Eye Laser Care Ctr. LLC v. MDTV Med. News Now, Inc., No. 07-4788 KSH, 2010 WL 2342579, at *1 (D.N.J. June 7, 2010) (Hayden, J.). Argen presents no reason to overturn what has already been decided. He fails to point to a place in the record where a Daubert issue would have been preserved or would otherwise be relevant at this stage of the proceedings. See United Paperworkers Int'l Union v. Misco, Inc., 484 U.S. 29, 39-41 (1987) (discussing limited court review of procedural decisions in arbitration). Nor has he satisfied the four-factor test governing a stay of judgment pending appeal. See Hilton v. Braunskill, 481 U.S. 770, 776 (1987).
Argen's motion for sanctions also fails. If he is alleging malfeasance, the Court has found that the Byelick report was reasonably admitted into evidence, which defeats that claim.
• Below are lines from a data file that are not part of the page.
lemma (in prob_space) integrable_sum_indicator:
  assumes "\<And>j. j \<in> J \<Longrightarrow> A j \<in> events"
  shows "integrable M (\<lambda>\<omega>. \<Sum>j\<in>J. indicator (A j) \<omega> :: real)"
    and "integrable M (\<lambda>\<omega>. (\<Sum>j\<in>J. indicator (A j) \<omega> :: real)\<^sup>2)"
  using assms
  by (auto simp: power2_eq_square sum_product indicator_inter_arith[symmetric] emeasure_eq_measure)

lemma (in prob_space) expectation_sum_indicator:
  assumes "finite J" and "\<And>j. j \<in> J \<Longrightarrow> A j \<in> events"
  shows "expectation (\<lambda>\<omega>. \<Sum>j\<in>J. indicator (A j) \<omega> :: real) = (\<Sum>j\<in>J. prob (A j))"
  using assms by (subst Bochner_Integration.integral_sum)
    (auto simp: Int_absorb2 sets.sets_into_space emeasure_eq_measure)

lemma (in prob_space) expectation_square_sum_indicator:
  assumes "finite J" and "\<And>j. j \<in> J \<Longrightarrow> A j \<in> events"
  shows "expectation (\<lambda>\<omega>. (\<Sum>j\<in>J. indicator (A j) \<omega> :: real)\<^sup>2) = (\<Sum>j\<in>J. \<Sum>j'\<in>J. prob (A j \<inter> A j'))"
proof -
  have "expectation (\<lambda>\<omega>. (\<Sum>j\<in>J. indicator (A j) \<omega> :: real)\<^sup>2)
      = expectation (\<lambda>\<omega>. \<Sum>j\<in>J. \<Sum>j'\<in>J. indicator (A j \<inter> A j') \<omega>)"
    by (simp add: power2_eq_square sum_product indicator_inter_arith)
  also have "\<dots> = (\<Sum>j\<in>J. \<Sum>j'\<in>J. prob (A j \<inter> A j'))"
    using assms by (subst Bochner_Integration.integral_sum,
        auto simp: Int_absorb2 sets.sets_into_space emeasure_eq_measure)+
  finally show ?thesis .
qed

lemma (in prob_space) variance_sum_indicator_le:
  fixes A :: "'j \<Rightarrow> 'a set" and q q2 :: real
  assumes J: "finite J" "J \<noteq> {}" and A: "\<And>j. j \<in> J \<Longrightarrow> A j \<in> events"
    and q: "\<And>j. j \<in> J \<Longrightarrow> prob (A j) = q"
    and q2: "\<And>j j'. j \<in> J \<Longrightarrow> j' \<in> J \<Longrightarrow> j \<noteq> j' \<Longrightarrow> prob (A j \<inter> A j') = q2"
    and "0 \<le> q2"
  shows "variance (\<lambda>\<omega>. \<Sum>j\<in>J. indicator (A j) \<omega> :: real) \<le> real (card J) + (real (card J))\<^sup>2 * (q2 - q\<^sup>2)"
proof -
  define n where "n = real (card J)"
  have n: "1 \<le> n" using J by (simp add: n_def Suc_leI card_gt_0_iff)
  have row: "(\<Sum>j'\<in>J. prob (A j \<inter> A j')) = q + (n - 1) * q2" if j: "j \<in> J" for j
  proof -
    have "(\<Sum>j'\<in>J - {j}. prob (A j \<inter> A j')) = (\<Sum>j'\<in>J - {j}. q2)"
      using j q2 by (intro sum.cong) auto
    then show ?thesis
      using j J q by (simp add: sum.remove[of J j] n_def of_nat_diff Suc_leI card_gt_0_iff)
  qed
  have "variance (\<lambda>\<omega>. \<Sum>j\<in>J. indicator (A j) \<omega> :: real)
      = expectation (\<lambda>\<omega>. (\<Sum>j\<in>J. indicator (A j) \<omega>)\<^sup>2) - (expectation (\<lambda>\<omega>. \<Sum>j\<in>J. indicator (A j) \<omega>))\<^sup>2"
    using A by (intro variance_eq integrable_sum_indicator)
  also have "\<dots> = n * (q + (n - 1) * q2) - (n * q)\<^sup>2"
    using J(1) A q row by (simp add: expectation_sum_indicator expectation_square_sum_indicator n_def)
  also have "\<dots> \<le> n + n\<^sup>2 * (q2 - q\<^sup>2)"
  proof -
    have "n * q \<le> n" using n J q by (metis ex_in_conv mult_left_le order.trans zero_le_one prob_le_1)
    moreover have "n * (n - 1) * q2 \<le> n\<^sup>2 * q2"
      using n \<open>0 \<le> q2\<close> by (intro mult_right_mono) (auto simp: power2_eq_square algebra_simps)
    ultimately show ?thesis by (simp add: power2_eq_square algebra_simps)
  qed
  finally show ?thesis by (simp add: n_def)
qed

lemma (in prob_space) prob_frequency_deviation_le:
  fixes A :: "'j \<Rightarrow> 'a set" and q q2 \<delta> :: real
  assumes J: "finite J" "J \<noteq> {}" and A: "\<And>j. j \<in> J \<Longrightarrow> A j \<in> events"
    and q: "\<And>j. j \<in> J \<Longrightarrow> prob (A j) = q"
    and q2: "\<And>j j'. j \<in> J \<Longrightarrow> j' \<in> J \<Longrightarrow> j \<noteq> j' \<Longrightarrow> prob (A j \<inter> A j') = q2"
    and "0 \<le> q2" and "0 < \<delta>"
  shows "prob {\<omega>\<in>space M. \<delta> \<le> \<bar>card {j\<in>J. \<omega> \<in> A j} / card J - q\<bar>}
    \<le> (1 / card J + (q2 - q\<^sup>2)) / \<delta>\<^sup>2"
proof -
  define n where "n = real (card J)"
  define S where "S = (\<lambda>\<omega>. \<Sum>j\<in>J. indicator (A j) \<omega> :: real)"
  have n: "0 < n" using J by (simp add: n_def card_gt_0_iff)
  have ES: "expectation S = n * q"
    using J A q by (simp add: S_def expectation_sum_indicator n_def)
  have deviation_iff: "\<delta> \<le> \<bar>card {j\<in>J. \<omega> \<in> A j} / card J - q\<bar> \<longleftrightarrow> n * \<delta> \<le> \<bar>S \<omega> - expectation S\<bar>"
    for \<omega>
  proof -
    have "real (card {j\<in>J. \<omega> \<in> A j}) = S \<omega>"
      using J by (simp add: S_def indicator_def sum.If_cases Int_def)
    then have "card {j\<in>J. \<omega> \<in> A j} / card J - q = (S \<omega> - expectation S) / n"
      using n by (simp add: ES n_def field_simps)
    then show ?thesis using n by (simp add: abs_divide pos_le_divide_eq mult.commute)
  qed
  have "prob {\<omega>\<in>space M. \<delta> \<le> \<bar>card {j\<in>J. \<omega> \<in> A j} / card J - q\<bar>}
      = prob {\<omega>\<in>space M. n * \<delta> \<le> \<bar>S \<omega> - expectation S\<bar>}"
    by (simp only: deviation_iff)
  also have "\<dots> \<le> variance S / (n * \<delta>)\<^sup>2"
    using A n \<open>0 < \<delta>\<close> unfolding S_def by (intro Chebyshev_inequality integrable_sum_indicator) auto
  also have "\<dots> \<le> (n + n\<^sup>2 * (q2 - q\<^sup>2)) / (n * \<delta>)\<^sup>2"
    unfolding S_def n_def using assms by (intro divide_right_mono variance_sum_indicator_le) auto
  also have "\<dots> = (1 / card J + (q2 - q\<^sup>2)) / \<delta>\<^sup>2"
    using n \<open>0 < \<delta>\<close> by (simp add: n_def field_simps power2_eq_square)
  finally show ?thesis .
qed

lemma (in prob_space) unit_interval_moments:
  fixes X :: "'a \<Rightarrow> real"
  assumes [measurable]: "X \<in> borel_measurable M"
    and X: "\<And>\<omega>. \<omega> \<in> space M \<Longrightarrow> 0 \<le> X \<omega> \<and> X \<omega> \<le> 1"
  shows "expectation (\<lambda>\<omega>. 1 - X \<omega>) = 1 - expectation X"
    and "expectation (\<lambda>\<omega>. (1 - X \<omega>)\<^sup>2) = (1 - expectation X)\<^sup>2 + variance X"
    and "0 \<le> expectation X"
    and "expectation (\<lambda>\<omega>. (1 - X \<omega>)\<^sup>2) \<le> 1"
proof -
  have int: "integrable M X" and int2: "integrable M (\<lambda>\<omega>. (X \<omega>)\<^sup>2)"
    using X by (auto intro!: integrable_const_bound[where B=1] AE_I2 simp: abs_le_iff power_le_one)
  show "expectation (\<lambda>\<omega>. 1 - X \<omega>) = 1 - expectation X"
    using int by (simp add: prob_space)
  have "expectation (\<lambda>\<omega>. (1 - X \<omega>)\<^sup>2) = expectation (\<lambda>\<omega>. 1 - 2 * X \<omega> + (X \<omega>)\<^sup>2)"
    by (simp add: power2_diff algebra_simps)
  also have "\<dots> = 1 - 2 * expectation X + expectation (\<lambda>\<omega>. (X \<omega>)\<^sup>2)"
    using int int2 by (simp add: prob_space)
  also have "\<dots> = (1 - expectation X)\<^sup>2 + variance X"
    using variance_eq[OF int int2] by (simp add: power2_diff)
  finally show "expectation (\<lambda>\<omega>. (1 - X \<omega>)\<^sup>2) = (1 - expectation X)\<^sup>2 + variance X" .
  show "0 \<le> expectation X"
    using X by (intro integral_nonneg_AE) (auto intro!: AE_I2)
  have "expectation (\<lambda>\<omega>. (1 - X \<omega>)\<^sup>2) \<le> expectation (\<lambda>_. 1)"
    using X by (intro integral_mono_AE)
      (auto intro!: AE_I2 integrable_const_bound[where B=1] simp: abs_le_iff power_le_one)
  then show "expectation (\<lambda>\<omega>. (1 - X \<omega>)\<^sup>2) \<le> 1" by (simp add: prob_space)
qed

lemma conv_prob_zero_sum_bound:
  fixes Y :: "nat \<Rightarrow> 'a \<Rightarrow> real" and Z :: "'i \<Rightarrow> nat \<Rightarrow> 'a \<Rightarrow> real"
  assumes "\<And>nu. finite_measure (M nu)" and "finite I"
    and Z: "\<And>i. i \<in> I \<Longrightarrow> conv_prob_zero M (Z i)"
    and bound: "\<And>nu \<omega>. \<omega> \<in> space (M nu) \<Longrightarrow> \<bar>Y nu \<omega>\<bar> \<le> (\<Sum>i\<in>I. \<bar>Z i nu \<omega>\<bar>)"
    and sets: "\<And>\<epsilon> nu. 0 < \<epsilon> \<Longrightarrow> {\<omega>\<in>space (M nu). \<epsilon> < \<bar>Y nu \<omega>\<bar>} \<in> sets (M nu)"
  shows "conv_prob_zero M Y"
  unfolding conv_prob_zero_def
proof (intro allI impI conjI)
  fix \<epsilon> :: real and nu assume "0 < \<epsilon>"
  then show "{\<omega>\<in>space (M nu). \<epsilon> < \<bar>Y nu \<omega>\<bar>} \<in> sets (M nu)"
    by (rule sets)
next
  fix \<epsilon> :: real assume "0 < \<epsilon>"
  define e where "e = \<epsilon> / (card I + 1)"
  have e: "0 < e" "card I * e \<le> \<epsilon>"
    using \<open>0 < \<epsilon>\<close> by (auto simp: e_def field_simps)
  show "(\<lambda>nu. measure (M nu) {\<omega>\<in>space (M nu). \<epsilon> < \<bar>Y nu \<omega>\<bar>}) \<longlonglongrightarrow> 0"
  proof (rule tendsto_measure_finite_cover[OF assms(1,2)])
    show "{\<omega>\<in>space (M nu). \<epsilon> < \<bar>Y nu \<omega>\<bar>} \<subseteq> (\<Union>i\<in>I. {\<omega>\<in>space (M nu). e < \<bar>Z i nu \<omega>\<bar>})" for nu
    proof (rule subsetI, rule ccontr)
      fix \<omega> assume "\<omega> \<in> {\<omega>\<in>space (M nu). \<epsilon> < \<bar>Y nu \<omega>\<bar>}"
      then have \<omega>: "\<omega> \<in> space (M nu)" and "\<epsilon> < \<bar>Y nu \<omega>\<bar>" by auto
      moreover assume "\<omega> \<notin> (\<Union>i\<in>I. {\<omega>\<in>space (M nu). e < \<bar>Z i nu \<omega>\<bar>})"
      then have "(\<Sum>i\<in>I. \<bar>Z i nu \<omega>\<bar>) \<le> (\<Sum>i\<in>I. e)"
        using \<omega> by (intro sum_mono) (auto simp: not_less)
      ultimately show False
        using bound[OF \<omega>] e by simp
    qed
  qed (use Z e in \<open>auto simp: conv_prob_zero_def\<close>)
qed

section \<open>The contact model for a fixed population\<close>

lemma epidemic_model_prob_space: "epidemic_model m N M V C nu \<Longrightarrow> prob_space M"
  unfolding epidemic_model_def by (elim conjE)

lemma epidemic_model_V_measurable:
  "epidemic_model m N M V C nu \<Longrightarrow> k \<in> {1..m} \<Longrightarrow> 1 \<le> l \<Longrightarrow> i \<in> {1..m}
    \<Longrightarrow> V nu k l i \<in> borel_measurable M"
  unfolding epidemic_model_def by (elim conjE) blast

lemma epidemic_model_V_bounds:
  "epidemic_model m N M V C nu \<Longrightarrow> k \<in> {1..m} \<Longrightarrow> 1 \<le> l \<Longrightarrow> i \<in> {1..m} \<Longrightarrow> \<omega> \<in> space M
    \<Longrightarrow> 0 \<le> V nu k l i \<omega> \<and> V nu k l i \<omega> \<le> 1"
  unfolding epidemic_model_def by (elim conjE) blast

lemma epidemic_model_indep_vars:
  "epidemic_model m N M V C nu \<Longrightarrow>
    prob_space.indep_vars M (\<lambda>_. PiM {1..m} (\<lambda>_. borel)) (\<lambda>(k, l). Vvec m V nu k l) ({1..m} \<times> {1..})"
  unfolding epidemic_model_def by (elim conjE)

lemma epidemic_model_distr_eq:
  "epidemic_model m N M V C nu \<Longrightarrow> k \<in> {1..m} \<Longrightarrow> 1 \<le> l
    \<Longrightarrow> distr M (PiM {1..m} (\<lambda>_. borel)) (Vvec m V nu k l) = distr M (PiM {1..m} (\<lambda>_. borel)) (Vvec m V nu k 1)"
  unfolding epidemic_model_def by (elim conjE) blast

lemma epidemic_model_contact_sets:
  "epidemic_model m N M V C nu \<Longrightarrow> k \<in> {1..m} \<Longrightarrow> 1 \<le> l \<Longrightarrow> i \<in> {1..m} \<Longrightarrow> j \<in> {1..N nu i}
    \<Longrightarrow> {\<omega>\<in>space M. C nu k l i j \<omega>} \<in> sets M"
  unfolding epidemic_model_def by (elim conjE) blast

lemma epidemic_model_contact_prob:
  assumes model: "epidemic_model m N M V C nu" and "finite F"
    and F: "F \<subseteq> {(k, l, i, j). k \<in> {1..m} \<and> 1 \<le> l \<and> i \<in> {1..m} \<and> j \<in> {1..N nu i}}"
  shows "measure M {\<omega>\<in>space M. \<forall>(k, l, i, j)\<in>F. C nu k l i j \<omega> = a (k, l, i, j)}
    = (\<integral>\<omega>. (\<Prod>(k, l, i, j)\<in>F. if a (k, l, i, j) then V nu k l i \<omega> else 1 - V nu k l i \<omega>) \<partial>M)"
proof -
  let ?P = "\<lambda>\<omega>. \<Prod>(k, l, i, j)\<in>F. if a (k, l, i, j) then V nu k l i \<omega> else 1 - V nu k l i \<omega>"
  have "measure M {\<omega>\<in>space M. (\<forall>(k, l, i)\<in>{}. V nu k l i \<omega> \<in> UNIV)
      \<and> (\<forall>(k, l, i, j)\<in>F. C nu k l i j \<omega> = a (k, l, i, j))}
    = (\<integral>\<omega>. indicator {\<omega>\<in>space M. \<forall>(k, l, i)\<in>{}. V nu k l i \<omega> \<in> UNIV} \<omega> * ?P \<omega> \<partial>M)"
    using model[unfolded epidemic_model_def, THEN conjunct2, THEN conjunct2, THEN conjunct2,
        THEN conjunct2, THEN conjunct2, rule_format, of F "{}" "\<lambda>_. UNIV" a] \<open>finite F\<close> F
    by simp
  also have "\<dots> = (\<integral>\<omega>. ?P \<omega> \<partial>M)"
    by (intro Bochner_Integration.integral_cong) auto
  finally show ?thesis by simp
qed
His challenge to language in the report giving notice that "[t]his report will be supplemented on some if not all areas after MDTV responds as required by the January 10, 2006 and February 27, 2006 discovery orders of the court" does not provide a basis for imposing sanctions. Argen does not show how the lack of a supplemental report ran afoul of Fed.R.Civ.P. 37(c)(2), Fed.R.Civ.P. 26(a) and (e), or the relevant discovery orders issued by then-Magistrate Judge Battaglia while this matter was docketed in the Southern District of California. See also Freeman v. Allstate Life Ins. Co., 253 F.3d 533, 537 (9th Cir. 2001) (discovery sanctions properly denied when not timely raised before the Magistrate Judge); D.N.J. L. Civ. R. 37.1(1).
Argen's motions are without merit, and an appropriate order will be entered denying them.